Investment in Sustainability and Infrastructure
A growing focus on sustainable tourism is reshaping Jordan’s travel sector. Destinations like Dana Biosphere Reserve and Feynan Ecolodge are now promoted as eco-friendly alternatives to overcrowded landmarks. These low-impact tourism models help distribute visitor traffic more evenly and benefit local communities.

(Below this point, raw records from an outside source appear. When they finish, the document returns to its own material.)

(* Let $\mathcal F\subseteq\mathcal F_0$ be finite with $r(\mathcal F)\le\max\{(2\sqrt e)^{-1}(\Delta\kappa e)^{-\Delta/2},\,0.2058(\kappa+1)^{-\Delta}\}$. Let $G$ be a finite graph of maximum degree $\Delta$ and $\pi\colon V(G)\to\mathcal F$. Then $Z_{\mathcal F}(G,\pi)\neq0$, and, writing $P(t)=\sum_{\sigma\in D^{E}}\prod_vf_v(\sigma|_{E(v)})\,t^{|\{e:\sigma(e)\neq0\}|}/\prod_vf_v(\mathbf 0)$ (so $P(0)=1$ and $P(1)=Z_{\mathcal F}(G,\pi)/\prod_vf_v(\mathbf0)$), the Taylor series of $\log P(t)$ about $t=0$ converges absolutely at $t=1$.
   Context: $D=\{0,\dots,\kappa\}$; signatures $f\colon D^d\to\mathbb C$; $\mathcal F_0=\{f\mid f(\mathbf0)\neq0\}$; $r(f)=\max_{x\in D^d\setminus\{\mathbf0\}}|f(x)|/|f(\mathbf0)|$, $r(\mathcal F)=\max_{f\in\mathcal F}r(f)$. $G=(V,E)$ with fixed order on $E$, $E(v)$ the edges at $v$, $\pi$ assigns $f_v$ of arity $|E(v)|$; the Holant problem is $Z_{\mathcal F}(G,\pi)=\sum_{\sigma\in D^E}\prod_vf_v(\sigma|_{E(v)})$. *)

theory Defs
  imports "HOL-Analysis.Analysis"
begin

text \<open>Domain D = {0..kappa}. A signature is a pair (d, f) of an arity d and a function
  on d-tuples (lists of length d) over D.\<close>

type_synonym signature = "nat \<times> (nat list \<Rightarrow> complex)"

definition tuples :: "nat \<Rightarrow> nat \<Rightarrow> nat list set" where
  "tuples \<kappa> d = {xs. length xs = d \<and> set xs \<subseteq> {0..\<kappa>}}"

definition arity :: "signature \<Rightarrow> nat" where "arity s = fst s"
definition sfun :: "signature \<Rightarrow> nat list \<Rightarrow> complex" where "sfun s = snd s"

definition zero_tuple :: "signature \<Rightarrow> nat list" where
  "zero_tuple s = replicate (arity s) 0"

definition F0 :: "signature set" where
  "F0 = {s. sfun s (zero_tuple s) \<noteq> 0}"

definition r_sig :: "nat \<Rightarrow> signature \<Rightarrow> real" where
  "r_sig \<kappa> s = Max (insert 0
     ((\<lambda>x. cmod (sfun s x) / cmod (sfun s (zero_tuple s))) ` (tuples \<kappa> (arity s) - {zero_tuple s})))"

definition r_set :: "nat \<Rightarrow> signature set \<Rightarrow> real" where
  "r_set \<kappa> F = Max (insert 0 (r_sig \<kappa> ` F))"

text \<open>Graphs: vertex set V, edge set E, endpoint map ends (multigraph, no loops).\<close>
definition graph :: "'v set \<Rightarrow> 'e set \<Rightarrow> ('e \<Rightarrow> 'v set) \<Rightarrow> bool" where
  "graph V E ends \<longleftrightarrow> finite V \<and> finite E \<and> (\<forall>e\<in>E. ends e \<subseteq> V \<and> card (ends e) = 2)"

definition incident :: "'e set \<Rightarrow> ('e \<Rightarrow> 'v set) \<Rightarrow> 'v \<Rightarrow> 'e set" where
  "incident E ends v = {e\<in>E. v \<in> ends e}"

definition restr :: "'e set \<Rightarrow> ('e \<Rightarrow> 'v set) \<Rightarrow> ('e::linorder \<Rightarrow> nat) \<Rightarrow> 'v \<Rightarrow> nat list" where
  "restr E ends \<sigma> v = map \<sigma> (sorted_list_of_set (incident E ends v))"

definition assignments :: "nat \<Rightarrow> 'e set \<Rightarrow> ('e \<Rightarrow> nat) set" where
  "assignments \<kappa> E = PiE E (\<lambda>_. {0..\<kappa>})"

definition weight :: "'v set \<Rightarrow> 'e set \<Rightarrow> ('e \<Rightarrow> 'v set) \<Rightarrow> ('v \<Rightarrow> signature)
    \<Rightarrow> ('e::linorder \<Rightarrow> nat) \<Rightarrow> complex" where
  "weight V E ends \<pi> \<sigma> = (\<Prod>v\<in>V. sfun (\<pi> v) (restr E ends \<sigma> v))"

definition holant :: "nat \<Rightarrow> 'v set \<Rightarrow> 'e::linorder set \<Rightarrow> ('e \<Rightarrow> 'v set) \<Rightarrow> ('v \<Rightarrow> signature) \<Rightarrow> complex" where
  "holant \<kappa> V E ends \<pi> = (\<Sum>\<sigma>\<in>assignments \<kappa> E. weight V E ends \<pi> \<sigma>)"

definition holant_poly :: "nat \<Rightarrow> 'v set \<Rightarrow> 'e::linorder set \<Rightarrow> ('e \<Rightarrow> 'v set) \<Rightarrow> ('v \<Rightarrow> signature)
    \<Rightarrow> complex \<Rightarrow> complex" where
  "holant_poly \<kappa> V E ends \<pi> t =
     (\<Sum>\<sigma>\<in>assignments \<kappa> E. weight V E ends \<pi> \<sigma> * t ^ card {e\<in>E. \<sigma> e \<noteq> 0})
     / (\<Prod>v\<in>V. sfun (\<pi> v) (zero_tuple (\<pi> v)))"

definition taylor_coeff :: "(complex \<Rightarrow> complex) \<Rightarrow> nat \<Rightarrow> complex" where
  "taylor_coeff g n = (deriv ^^ n) g 0 / of_nat (fact n)"

end

theory Submission
  imports Defs "HOL-Complex_Analysis.Complex_Analysis"
begin

text \<open>For a vertex set U and a boundary condition \<open>\<rho>\<close> on the edges leaving U, let
  \<open>Z\<^sub>U(\<rho>)\<close> be the partition function of the edges inside U at activity t, each signature
  divided by its value at 0. For \<open>|t| \<le> 21/20\<close> and a suitable \<open>K \<le> 1\<close> with
  \<open>2 r(F) \<le> K\<^sup>\<Delta>\<close>, induction on U shows \<open>Z\<^sub>U(0) \<noteq> 0\<close> and \<open>|Z\<^sub>U(\<rho>)| \<le> K\<^sup>n |Z\<^sub>U(0)|\<close>,
  where n counts the boundary edges with nonzero value. Expanding \<open>Z\<^sub>U\<close> along the inner edges
  at a vertex v, every term that is nonzero at v carries a factor of modulus at most r(F) from
  \<open>f\<^sub>v\<close>, while the remaining factor, a partition function of \<open>U - {v}\<close>, is controlled by the
  induction hypothesis; summing over the d inner edges at v costs a factor \<open>(1 + \<kappa> |t| K)\<^sup>d\<close>,
  which the choice of K absorbs. Hence P has no zeros in the closed disc of radius 21/20, so
  log P is holomorphic on a disc of radius larger than 1 and its Taylor series converges
  absolutely at 1.\<close>

lemma holomorphic_log_ball_vanishing_at_0:
  fixes P :: "complex \<Rightarrow> complex"
  assumes "P holomorphic_on ball 0 s" "\<And>z. z \<in> ball 0 s \<Longrightarrow> P z \<noteq> 0" "P 0 = 1" "0 < s"
  obtains g where "g holomorphic_on ball 0 s" "\<And>z. z \<in> ball 0 s \<Longrightarrow> P z = exp (g z)" "g 0 = 0"
proof -
  obtain g where g: "g holomorphic_on ball 0 s" and P_exp: "\<And>z. z \<in> ball 0 s \<Longrightarrow> P z = exp (g z)"
    using contractible_imp_holomorphic_log[OF assms(1) convex_imp_contractible assms(2)] by auto
  have "exp (g 0) = 1" using P_exp[of 0] assms(3,4) by simp
  hence "P z = exp (g z - g 0)" if "z \<in> ball 0 s" for z
    using P_exp[OF that] by (simp add: exp_diff)
  moreover have "(\<lambda>z. g z - g 0) holomorphic_on ball 0 s" using g by (intro holomorphic_intros)
  ultimately show thesis by (intro that[of "\<lambda>z. g z - g 0"]) auto
qed

text \<open>Near 0, \<open>Ln \<circ> P\<close> coincides with the holomorphic logarithm of \<open>P\<close> on the whole ball.\<close>
lemma summable_norm_taylor_coeff_Ln:
  fixes P :: "complex \<Rightarrow> complex"
  assumes holo: "P holomorphic_on ball 0 s" and nonzero: "\<And>z. z \<in> ball 0 s \<Longrightarrow> P z \<noteq> 0"
    and "P 0 = 1" and "norm w < s"
  shows "summable (\<lambda>n. norm (taylor_coeff (\<lambda>t. Ln (P t)) n * w ^ n))"
proof -
  have "0 < s" using assms(4) norm_ge_zero[of w] by linarith
  then obtain g where g: "g holomorphic_on ball 0 s" and P_exp: "\<And>z. z \<in> ball 0 s \<Longrightarrow> P z = exp (g z)"
    and "g 0 = 0"
    using holomorphic_log_ball_vanishing_at_0[OF assms(1-3)] by blast
  have "isCont g 0"
    using g \<open>0 < s\<close> by (metis centre_in_ball continuous_on_interior holomorphic_on_imp_continuous_on interior_ball)
  hence "(g \<longlongrightarrow> 0) (nhds 0)" using \<open>g 0 = 0\<close> by (simp add: isCont_def tendsto_nhds_iff)
  hence "eventually (\<lambda>z. cmod (g z) < pi) (nhds 0)"
    by (metis order_tendsto_iff pi_gt_zero tendsto_norm_zero_iff)
  moreover have "eventually (\<lambda>z. z \<in> ball 0 s) (nhds 0)"
    using \<open>0 < s\<close> by (intro eventually_nhds_in_open) auto
  ultimately have "eventually (\<lambda>z. Ln (P z) = g z) (nhds 0)"
  proof eventually_elim
    case (elim z)
    then show ?case using P_exp abs_Im_le_cmod[of "g z"] by (simp add: Ln_exp)
  qed
  hence coeff: "taylor_coeff (\<lambda>t. Ln (P t)) n = (deriv ^^ n) g 0 / fact n" for n
    unfolding taylor_coeff_def by (simp add: higher_deriv_cong_ev)
  define r :: complex where "r = of_real ((norm w + s) / 2)"
  have "norm r = (norm w + s) / 2" unfolding r_def norm_of_real using \<open>0 < s\<close> by simp
  hence "r \<in> ball 0 s" "norm w < norm r" using assms(4) by auto
  have "(\<lambda>n. (deriv ^^ n) g 0 / fact n * (r - 0) ^ n) sums g r"
    by (rule holomorphic_power_series[OF g \<open>r \<in> ball 0 s\<close>])
  hence "summable (\<lambda>n. (deriv ^^ n) g 0 / fact n * r ^ n)" by (simp add: sums_summable)
  from powser_insidea[OF this \<open>norm w < norm r\<close>] show ?thesis by (simp add: coeff)
qed

lemma inverse_Suc_rate:
  "1 / (real k + 1) * (1 + real k * (21/20) * (1 / (real k + 1))) \<le> 1"
proof -
  have "real k + 1 + real k * (21/20) \<le> (real k + 1) ^ 2"
    by (cases k) (auto simp: power2_eq_square algebra_simps)
  thus ?thesis by (simp add: field_simps power2_eq_square)
qed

Government initiatives and private sector investment are also fueling hospitality expansion, with boutique hotels and luxury resorts opening in Aqaba, Amman, and around the Dead Sea. Infrastructure improvements—including road upgrades and ongoing airport expansion projects—are enhancing the visitor experience.
Strategic Air Connectivity and Digital Promotion
Royal Jordanian and budget airlines have expanded their routes in 2025, connecting Jordan with new cities in Asia and Europe. These connections, alongside visa-on-arrival and e-visa facilitation for many nationalities, are key to the destination’s accessibility.
The Jordan Tourism Board’s aggressive digital campaigns have also paid off. Social media collaborations with travel influencers and the use of immersive video content have helped reposition Jordan as a top-tier experiential travel destination for millennials and Gen Z travelers.
Outlook: Strong Finish Expected for 2025
Jordan’s tourism authorities are optimistic that the country will surpass its full-year tourism revenue targets. Continued efforts to tap into emerging source markets like Brazil, Indonesia, and Vietnam are underway, while religious tourism linked to the Holy Land and Islamic heritage trails remains a core focus.
With more than $3.7 billion earned in the first six months, and ongoing global interest in heritage-rich travel, Jordan is expected to maintain its upward trajectory into the second half of 2025—proving once again that it is one of the most resilient and compelling destinations in the Middle East.